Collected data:
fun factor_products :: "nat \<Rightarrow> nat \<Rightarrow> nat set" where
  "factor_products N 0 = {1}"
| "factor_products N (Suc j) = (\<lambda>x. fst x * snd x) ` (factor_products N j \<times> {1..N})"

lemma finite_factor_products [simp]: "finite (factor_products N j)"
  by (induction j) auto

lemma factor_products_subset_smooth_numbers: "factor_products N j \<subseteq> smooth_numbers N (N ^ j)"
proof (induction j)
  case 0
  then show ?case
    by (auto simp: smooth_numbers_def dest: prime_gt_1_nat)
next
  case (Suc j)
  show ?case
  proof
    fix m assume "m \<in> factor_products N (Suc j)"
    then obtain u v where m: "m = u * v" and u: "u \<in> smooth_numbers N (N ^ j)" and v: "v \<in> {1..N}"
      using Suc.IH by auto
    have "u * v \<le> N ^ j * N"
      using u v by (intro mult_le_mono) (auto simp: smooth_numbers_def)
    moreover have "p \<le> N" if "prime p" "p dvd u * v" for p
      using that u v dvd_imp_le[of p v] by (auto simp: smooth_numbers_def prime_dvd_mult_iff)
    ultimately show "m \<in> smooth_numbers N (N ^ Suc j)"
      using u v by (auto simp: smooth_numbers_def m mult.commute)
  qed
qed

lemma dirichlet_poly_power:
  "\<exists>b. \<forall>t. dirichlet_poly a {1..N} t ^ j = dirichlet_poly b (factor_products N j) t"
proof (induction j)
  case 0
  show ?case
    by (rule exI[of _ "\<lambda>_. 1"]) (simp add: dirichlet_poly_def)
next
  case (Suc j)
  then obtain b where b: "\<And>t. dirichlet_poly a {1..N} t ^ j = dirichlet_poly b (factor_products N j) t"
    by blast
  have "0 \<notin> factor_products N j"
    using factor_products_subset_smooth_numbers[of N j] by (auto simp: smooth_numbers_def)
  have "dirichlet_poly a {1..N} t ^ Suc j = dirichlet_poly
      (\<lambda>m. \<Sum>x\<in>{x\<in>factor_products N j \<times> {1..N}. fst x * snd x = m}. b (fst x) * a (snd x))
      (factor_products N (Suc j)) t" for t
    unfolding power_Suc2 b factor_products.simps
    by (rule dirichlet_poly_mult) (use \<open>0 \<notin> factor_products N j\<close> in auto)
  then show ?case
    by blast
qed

==

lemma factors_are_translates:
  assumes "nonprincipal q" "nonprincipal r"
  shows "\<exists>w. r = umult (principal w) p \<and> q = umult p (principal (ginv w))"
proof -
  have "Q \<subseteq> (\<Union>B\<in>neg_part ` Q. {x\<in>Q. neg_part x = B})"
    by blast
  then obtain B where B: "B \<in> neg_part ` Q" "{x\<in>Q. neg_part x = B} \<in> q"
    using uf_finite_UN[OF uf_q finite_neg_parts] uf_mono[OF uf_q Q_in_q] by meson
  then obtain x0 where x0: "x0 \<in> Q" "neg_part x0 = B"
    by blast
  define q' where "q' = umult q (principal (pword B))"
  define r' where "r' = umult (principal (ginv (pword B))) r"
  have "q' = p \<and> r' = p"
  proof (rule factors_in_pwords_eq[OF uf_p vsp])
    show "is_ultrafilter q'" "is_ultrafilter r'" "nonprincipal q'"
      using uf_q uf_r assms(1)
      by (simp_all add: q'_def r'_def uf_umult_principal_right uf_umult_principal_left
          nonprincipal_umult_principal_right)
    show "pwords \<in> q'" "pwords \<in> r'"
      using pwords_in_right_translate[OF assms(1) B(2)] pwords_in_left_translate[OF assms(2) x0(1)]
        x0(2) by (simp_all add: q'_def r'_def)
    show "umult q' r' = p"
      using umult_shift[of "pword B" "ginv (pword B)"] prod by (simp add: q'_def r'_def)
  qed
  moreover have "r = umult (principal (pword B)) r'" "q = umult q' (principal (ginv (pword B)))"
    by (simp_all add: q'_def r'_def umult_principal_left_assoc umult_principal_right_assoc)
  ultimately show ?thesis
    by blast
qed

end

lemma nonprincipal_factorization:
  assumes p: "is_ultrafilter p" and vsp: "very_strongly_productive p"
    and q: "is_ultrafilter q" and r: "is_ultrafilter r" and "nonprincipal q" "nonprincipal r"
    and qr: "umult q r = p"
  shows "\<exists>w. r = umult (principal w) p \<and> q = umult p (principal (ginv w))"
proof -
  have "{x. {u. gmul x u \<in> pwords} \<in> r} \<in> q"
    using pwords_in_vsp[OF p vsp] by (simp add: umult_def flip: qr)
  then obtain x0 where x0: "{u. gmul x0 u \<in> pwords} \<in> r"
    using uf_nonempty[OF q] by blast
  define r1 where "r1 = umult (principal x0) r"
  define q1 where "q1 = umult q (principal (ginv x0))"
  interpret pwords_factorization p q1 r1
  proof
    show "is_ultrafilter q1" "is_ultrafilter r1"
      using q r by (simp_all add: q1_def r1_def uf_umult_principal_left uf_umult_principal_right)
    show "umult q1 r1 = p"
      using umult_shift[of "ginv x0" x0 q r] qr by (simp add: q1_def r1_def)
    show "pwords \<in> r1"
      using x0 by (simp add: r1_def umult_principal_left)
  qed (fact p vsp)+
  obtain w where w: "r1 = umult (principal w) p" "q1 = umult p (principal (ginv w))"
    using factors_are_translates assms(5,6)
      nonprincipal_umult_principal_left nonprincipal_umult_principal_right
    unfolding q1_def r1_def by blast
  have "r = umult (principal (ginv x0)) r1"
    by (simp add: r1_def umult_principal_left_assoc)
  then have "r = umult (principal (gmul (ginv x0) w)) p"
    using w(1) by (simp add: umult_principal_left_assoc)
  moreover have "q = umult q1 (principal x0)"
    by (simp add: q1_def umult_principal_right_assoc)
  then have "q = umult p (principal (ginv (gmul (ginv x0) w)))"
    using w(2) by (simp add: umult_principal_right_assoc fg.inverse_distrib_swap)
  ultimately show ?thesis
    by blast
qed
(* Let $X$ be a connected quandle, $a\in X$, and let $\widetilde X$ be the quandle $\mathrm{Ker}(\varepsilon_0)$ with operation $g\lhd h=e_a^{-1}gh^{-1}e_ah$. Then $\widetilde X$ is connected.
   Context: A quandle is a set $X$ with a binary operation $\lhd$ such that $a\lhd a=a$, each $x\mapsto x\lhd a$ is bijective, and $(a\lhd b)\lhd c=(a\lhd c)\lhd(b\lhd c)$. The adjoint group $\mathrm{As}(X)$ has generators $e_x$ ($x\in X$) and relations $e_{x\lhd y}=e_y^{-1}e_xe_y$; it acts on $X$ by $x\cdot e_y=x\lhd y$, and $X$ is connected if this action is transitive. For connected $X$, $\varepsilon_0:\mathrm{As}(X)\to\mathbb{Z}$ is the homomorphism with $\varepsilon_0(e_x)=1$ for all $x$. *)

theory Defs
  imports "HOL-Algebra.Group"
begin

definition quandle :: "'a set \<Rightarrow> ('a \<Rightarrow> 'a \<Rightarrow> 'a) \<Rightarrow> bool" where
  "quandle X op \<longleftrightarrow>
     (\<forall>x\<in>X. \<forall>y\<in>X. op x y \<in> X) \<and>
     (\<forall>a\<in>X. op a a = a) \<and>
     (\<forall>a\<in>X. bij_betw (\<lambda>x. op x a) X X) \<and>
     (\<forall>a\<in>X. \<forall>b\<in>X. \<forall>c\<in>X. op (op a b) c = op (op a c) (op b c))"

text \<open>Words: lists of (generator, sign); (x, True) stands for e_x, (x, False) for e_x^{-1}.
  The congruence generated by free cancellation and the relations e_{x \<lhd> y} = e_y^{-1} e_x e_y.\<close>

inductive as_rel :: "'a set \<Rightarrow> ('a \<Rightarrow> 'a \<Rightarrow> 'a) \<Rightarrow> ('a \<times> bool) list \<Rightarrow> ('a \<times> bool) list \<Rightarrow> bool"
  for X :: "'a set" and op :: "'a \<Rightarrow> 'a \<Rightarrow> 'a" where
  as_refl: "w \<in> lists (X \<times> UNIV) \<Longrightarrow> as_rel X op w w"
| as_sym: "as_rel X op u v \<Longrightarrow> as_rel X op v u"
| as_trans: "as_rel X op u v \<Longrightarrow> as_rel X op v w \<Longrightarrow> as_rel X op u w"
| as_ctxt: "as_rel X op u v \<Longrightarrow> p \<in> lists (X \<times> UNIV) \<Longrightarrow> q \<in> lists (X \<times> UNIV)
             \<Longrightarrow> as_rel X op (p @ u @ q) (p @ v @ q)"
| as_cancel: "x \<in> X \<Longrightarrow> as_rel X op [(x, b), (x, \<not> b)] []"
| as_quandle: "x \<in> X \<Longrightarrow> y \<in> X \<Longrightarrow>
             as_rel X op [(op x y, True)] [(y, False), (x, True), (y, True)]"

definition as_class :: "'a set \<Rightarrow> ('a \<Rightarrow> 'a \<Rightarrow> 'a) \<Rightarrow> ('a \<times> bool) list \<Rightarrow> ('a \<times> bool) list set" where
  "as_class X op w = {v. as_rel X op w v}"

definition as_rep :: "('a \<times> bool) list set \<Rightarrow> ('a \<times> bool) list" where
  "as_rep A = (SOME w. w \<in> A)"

* Task prompt *
Above are the records; repeat exactly the lines from the one holding "X op \<longleftrightarrow>" down to the one holding "UNIV) \<Longrightarrow> as_rel", end lines included.

* Your solution *
  "quandle X op \<longleftrightarrow>
     (\<forall>x\<in>X. \<forall>y\<in>X. op x y \<in> X) \<and>
     (\<forall>a\<in>X. op a a = a) \<and>
     (\<forall>a\<in>X. bij_betw (\<lambda>x. op x a) X X) \<and>
     (\<forall>a\<in>X. \<forall>b\<in>X. \<forall>c\<in>X. op (op a b) c = op (op a c) (op b c))"

text \<open>Words: lists of (generator, sign); (x, True) stands for e_x, (x, False) for e_x^{-1}.
  The congruence generated by free cancellation and the relations e_{x \<lhd> y} = e_y^{-1} e_x e_y.\<close>

inductive as_rel :: "'a set \<Rightarrow> ('a \<Rightarrow> 'a \<Rightarrow> 'a) \<Rightarrow> ('a \<times> bool) list \<Rightarrow> ('a \<times> bool) list \<Rightarrow> bool"
  for X :: "'a set" and op :: "'a \<Rightarrow> 'a \<Rightarrow> 'a" where
  as_refl: "w \<in> lists (X \<times> UNIV) \<Longrightarrow> as_rel X op w w"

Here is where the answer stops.